When VFLib changes, bringing in the commits to the AppletJUCE project is as easy as:

git subtree pull -P VFLib vflib master --squash

You could even git-subtree the JUCE repository into your repo like this:

git remote add juce git://github.com/julianstorer/JUCE.git
git subtree add -P JUCE juce master

There is the objection that it now becomes necessary to update JUCE frequently in all the repositories that use it, instead of keeping just one copy of JUCE on the local developer’s machine and sharing the code. I will argue that this is not a problem, in fact it is superior. JUCE usage falls into two cases:

  1. Demo application code
  2. Production code

For #1, it is not important that JUCE always be kept up to date. As long as the version of JUCE used is one that supports all the features of the demo (and without bugs), a repository can happily stay at an older version of JUCE. Once in a while, JUCE will make a breaking change and the underlying library (drowAudio in this case) might need to change. Then it would be necessary to also pull the latest JUCE tip into the demo project. As these are infrequent events, the benefit of having a self contained and independent repository outweighs the cost.

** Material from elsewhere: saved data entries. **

lemma theta_term_diff_bound:
  fixes n :: "int^2"
  assumes F: "\<tau> \<in> F2"
    and X: "\<bar>X$1\<bar> \<le> \<nu>" "\<bar>X$2\<bar> \<le> \<nu>" and Y: "\<bar>Y$1\<bar> \<le> \<nu>" "\<bar>Y$2\<bar> \<le> \<nu>" and \<nu>: "\<nu> \<le> 1/2"
  defines "Tr \<equiv> Im (\<tau>$1$1) + Im (\<tau>$2$2)"
    and "c1 \<equiv> Im (\<tau>$1$1) - Im (\<tau>$1$2)" and "c2 \<equiv> Im (\<tau>$2$2) - Im (\<tau>$1$2)"
  shows "cmod (exp (theta_phase \<tau> X Y n) - exp (theta_phase \<tau> 0 0 n))
     \<le> 2 * pi * \<nu> * (2 + Tr) *
        ((2 + \<bar>of_int (n$1) + (1/2 + Y$1)\<bar> + \<bar>of_int (n$2) + (1/2 + Y$2)\<bar>)
           * gauss2 c1 c2 (1/2 + Y$1) (1/2 + Y$2) n
         + (1 + \<bar>of_int (n$1) + 1/2\<bar> + \<bar>of_int (n$2) + 1/2\<bar>) * gauss2 c1 c2 (1/2) (1/2) n)"
proof -
  let ?K = "2 * pi * \<nu> * (2 + Tr)"
  let ?W = "1 + \<bar>of_int (n$1) + 1/2\<bar> + \<bar>of_int (n$2) + 1/2 :: real\<bar>"
  let ?gY = "gauss2 c1 c2 (1/2 + Y$1) (1/2 + Y$2) n" and ?g0 = "gauss2 c1 c2 (1/2) (1/2) n"
  have t12: "Im (\<tau>$1$2) \<ge> 0" using F by (simp add: F2_def)
  have gY: "exp (Re (theta_phase \<tau> X Y n)) \<le> ?gY"
    unfolding c1_def c2_def by (rule theta_phase_gauss_bound[OF t12])
  have g0: "exp (Re (theta_phase \<tau> 0 0 n)) \<le> ?g0"
    using theta_phase_gauss_bound[OF t12, of 0 0 n] by (simp add: c1_def c2_def)
  have K0: "0 \<le> ?K" and gY0: "0 \<le> ?gY"
    using X F2_Im_tau11[OF F] F by (auto simp: Tr_def F2_def gauss2_def)
  have d: "cmod (theta_phase \<tau> X Y n - theta_phase \<tau> 0 0 n) \<le> ?K * ?W"
    using theta_phase_diff_bound[OF F X Y \<nu>, of n] by (simp add: Tr_def mult.assoc)
  have "cmod (exp (theta_phase \<tau> X Y n) - exp (theta_phase \<tau> 0 0 n))
      \<le> cmod (theta_phase \<tau> X Y n - theta_phase \<tau> 0 0 n)
          * (exp (Re (theta_phase \<tau> X Y n)) + exp (Re (theta_phase \<tau> 0 0 n)))"
    by (rule exp_diff_bound)
  also have "\<dots> \<le> (?K * ?W) * (?gY + ?g0)"
    using d gY g0 K0 by (intro mult_mono add_mono) auto
  also have "\<dots> \<le> ?K * ((2 + \<bar>of_int (n$1) + (1/2 + Y$1)\<bar> + \<bar>of_int (n$2) + (1/2 + Y$2)\<bar>) * ?gY
                     + ?W * ?g0)"
  proof -
    have "?W \<le> 2 + \<bar>of_int (n$1) + (1/2 + Y$1)\<bar> + \<bar>of_int (n$2) + (1/2 + Y$2)\<bar>"
      using Y \<nu> by linarith
    then have "?W * ?gY \<le> (2 + \<bar>of_int (n$1) + (1/2 + Y$1)\<bar> + \<bar>of_int (n$2) + (1/2 + Y$2)\<bar>) * ?gY"
      using gY0 by (rule mult_right_mono)
    then have "?K * (?W * ?gY + ?W * ?g0)
        \<le> ?K * ((2 + \<bar>of_int (n$1) + (1/2 + Y$1)\<bar> + \<bar>of_int (n$2) + (1/2 + Y$2)\<bar>) * ?gY + ?W * ?g0)"
      using K0 by (intro mult_left_mono add_right_mono)
    then show ?thesis by (simp add: algebra_simps)
  qed
  finally show ?thesis .
qed

text \<open>Since the series vanishes at the origin, the phase series at \<open>(X, Y)\<close> is
  bounded by the sum of the term-wise differences, i.e.\ by weighted Gaussian
  sums centered at \<open>a + Y\<close> and at \<open>a\<close>.\<close>

lemma theta_series_bound:
  assumes F: "\<tau> \<in> F2"
    and X: "\<bar>X$1\<bar> \<le> \<nu>" "\<bar>X$2\<bar> \<le> \<nu>" and Y: "\<bar>Y$1\<bar> \<le> \<nu>" "\<bar>Y$2\<bar> \<le> \<nu>" and \<nu>: "\<nu> \<le> 1/2"
  defines "Tr \<equiv> Im (\<tau>$1$1) + Im (\<tau>$2$2)"
    and "c1 \<equiv> Im (\<tau>$1$1) - Im (\<tau>$1$2)" and "c2 \<equiv> Im (\<tau>$2$2) - Im (\<tau>$1$2)"
  shows "cmod (infsum (\<lambda>n. exp (theta_phase \<tau> X Y n)) UNIV)
     \<le> 2 * pi * \<nu> * (2 + Tr) *
        (gauss2_const 2 * (exp (-pi*c1*(dZ (1/2 + Y$1))^2) * exp (-pi*c2*(dZ (1/2 + Y$2))^2))
         + gauss2_const 1 * (exp (-pi*c1*(dZ (1/2))^2) * exp (-pi*c2*(dZ (1/2))^2)))"
proof -
  define K where "K = 2 * pi * \<nu> * (2 + Tr)"
  define h where "h = (\<lambda>n. exp (theta_phase \<tau> X Y n))"
  define h0 where "h0 = (\<lambda>n. exp (theta_phase \<tau> 0 0 n))"
  define WY where "WY = (\<lambda>n::int^2. (2 + \<bar>of_int (n$1) + (1/2 + Y$1)\<bar> + \<bar>of_int (n$2) + (1/2 + Y$2)\<bar>)
                            * gauss2 c1 c2 (1/2 + Y$1) (1/2 + Y$2) n)"
  define W0 where "W0 = (\<lambda>n::int^2. (1 + \<bar>of_int (n$1) + 1/2\<bar> + \<bar>of_int (n$2) + 1/2\<bar>)
                            * gauss2 c1 c2 (1/2) (1/2) n)"
  have q: "exp (-pi*c1) \<le> 3/10" "exp (-pi*c2) \<le> 3/10"
    unfolding c1_def c2_def by (rule F2_decay_rates[OF F])+
  note WY_sum = gauss2_weighted_summable[OF q, of 2 "1/2 + Y$1" "1/2 + Y$2", simplified, folded WY_def]
  note W0_sum = gauss2_weighted_summable[OF q, of 1 "1/2" "1/2", simplified, folded W0_def]
  have K0: "0 \<le> K" using X F2_Im_tau11[OF F] F by (auto simp: K_def Tr_def F2_def)
  have diff: "norm (h n - h0 n) \<le> K * (WY n + W0 n)" for n
    using theta_term_diff_bound[OF F X Y \<nu>, of n]
    unfolding h_def h0_def K_def WY_def W0_def Tr_def c1_def c2_def .
  have dom_sum: "(\<lambda>n. K * (WY n + W0 n)) summable_on UNIV"
    by (intro summable_on_cmult_right summable_on_add WY_sum(1) W0_sum(1))
  have "norm (h0 n) \<le> W0 n" for n
  proof -
    have "norm (h0 n) \<le> gauss2 c1 c2 (1/2) (1/2) n"
      using theta_phase_gauss_bound[of \<tau> 0 0 n] F
      by (simp add: h0_def norm_exp_eq_Re c1_def c2_def F2_def)
    also have "\<dots> = 1 * gauss2 c1 c2 (1/2) (1/2) n" by simp
    also have "\<dots> \<le> W0 n"
      unfolding W0_def by (intro mult_right_mono) (auto simp: gauss2_def)
    finally show ?thesis .
  qed
  then have h0_sum: "(\<lambda>n. norm (h0 n)) summable_on UNIV"
    by (rule Infinite_Sum.abs_summable_on_comparison_test'[OF W0_sum(1)])
  have "norm (infsum h UNIV) \<le> infsum (\<lambda>n. K * (WY n + W0 n)) UNIV"
    using theta_series_at_origin h0_sum dom_sum diff
    unfolding h0_def by (rule norm_infsum_le_by_vanishing_series)
  also have "\<dots> = K * (infsum WY UNIV + infsum W0 UNIV)"
    by (simp add: infsum_cmult_right' infsum_add WY_sum(1) W0_sum(1))
  also have "\<dots> \<le> K * (gauss2_const 2 * (exp (-pi*c1*(dZ (1/2 + Y$1))^2) * exp (-pi*c2*(dZ (1/2 + Y$2))^2))
         + gauss2_const 1 * (exp (-pi*c1*(dZ (1/2))^2) * exp (-pi*c2*(dZ (1/2))^2)))"
    using K0 WY_sum(2) W0_sum(2) by (intro mult_left_mono add_mono) auto
  finally show ?thesis unfolding h_def K_def .
qed

text \<open>The point \<open>1/2\<close> is farthest from the integers, so
  \<open>d(1/2 + y, \<int>) \<le> d(1/2, \<int>)\<close> for \<open>|y| \<le> 1/2\<close>.\<close>

lemma dZ_half: "dZ (1/2) \<ge> 1/2"
proof -
  have ne: "(\<int>::real set) \<noteq> {}" using Ints_0 by blast
  have "1/2 \<le> dist (1/2::real) x" if "x \<in> \<int>" for x
  proof -
    from that obtain m where m: "x = of_int m" by (auto elim: Ints_cases)
    show ?thesis
    proof (cases "m \<le> 0")
      case True then have "real_of_int m \<le> 0" by simp
      then show ?thesis by (simp add: m dist_real_def)
    next
      case False then have "real_of_int m \<ge> 1" by simp
      then show ?thesis by (simp add: m dist_real_def)
    qed
  qed
  then have "1/2 \<le> (INF x\<in>\<int>. dist (1/2::real) x)" by (intro cINF_greatest[OF ne])
  then show ?thesis by (simp add: dZ_def infdist_notempty[OF ne])
qed

lemma dZ_half_shift: assumes "\<bar>y\<bar> \<le> 1/2" shows "dZ (1/2 + y) \<le> 1/2"
proof (cases "y \<ge> 0")
  case True
  then show ?thesis using dZ_le[of "1/2 + y" 1] assms by simp
next
  case False
  then show ?thesis using dZ_le[of "1/2 + y" 0] assms by simp
qed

Note that DSP Filters uses a JUCE that is months old. And yet the demo still compiles, works, and does everything it needs to do.

For #2, it will be necessary to make more frequent updates to JUCE in order to pick up bug fixes, or important features in the critical path of development. Even in this case, adding JUCE as a subtree to your existing repository (which is presumably private since it is commercial software) makes more sense. One obvious benefit of subtree-ing in the JUCE repo is that you can make changes, branch it, tag it, and have the development timeline synchronized to your application’s source tree.

For example, if you create a beta release candidate you can tag the version, and the exact snapshot of the JUCE sources used to build the executable will become part of the tag. This is not possible when using the traditional IntroJucer workflow (where the JUCE sources are not under revision control, and downloaded automatically by IntroJucer).

NO professional software company could ever put out reliable products if they do not freeze the JUCE library code during the testing stage, or else product that ships would be different from the one that was tested! What happens if JULES makes a ton of unrelated changes to JUCE and you need to cherry pick just one or two commits? It is not possible when the sources are shared by multiple projects on the same machine. And then if you need to make changes to JUCE they aren’t revision controlled, etc…

Adding JUCE as a subtree, amalgamated or otherwise, has a lot of benefits and little disadvantage.


#2

All good points and a very elegant solution to bundling JUCE/other libs within git source trees.

One thing I do definitely want to stick with however is the JUCE module system. I noticed that none of the vflib modules contain a juce_module_info file. This has a number of implications:

  1. The user will have to manually add your AppConfigTemplate settings into their AppConfig.h file, they have no control of these options from the Introjucer. This also means that the modules can’t be copied or browsed as per JUCE modules. What if you update your module? The copied config flags wont reflect these new changes.
  2. When building applications using vflib and the Introjucer users have to manually add the .cpp/.c/.mm files of the modules to the source tree
  3. Users also have to add the modules folders to the “Header Search Paths” setting so the modules can be found and vflib modules can find JUCE
  4. You have to manually create a StandardIncludes.h file for including your module header files
  5. What do you do if your module requires other system libraries or frameworks? The user would have to add yet more flags to the Introjucer through hidden (i.e. not visible through the Introjucer) directions.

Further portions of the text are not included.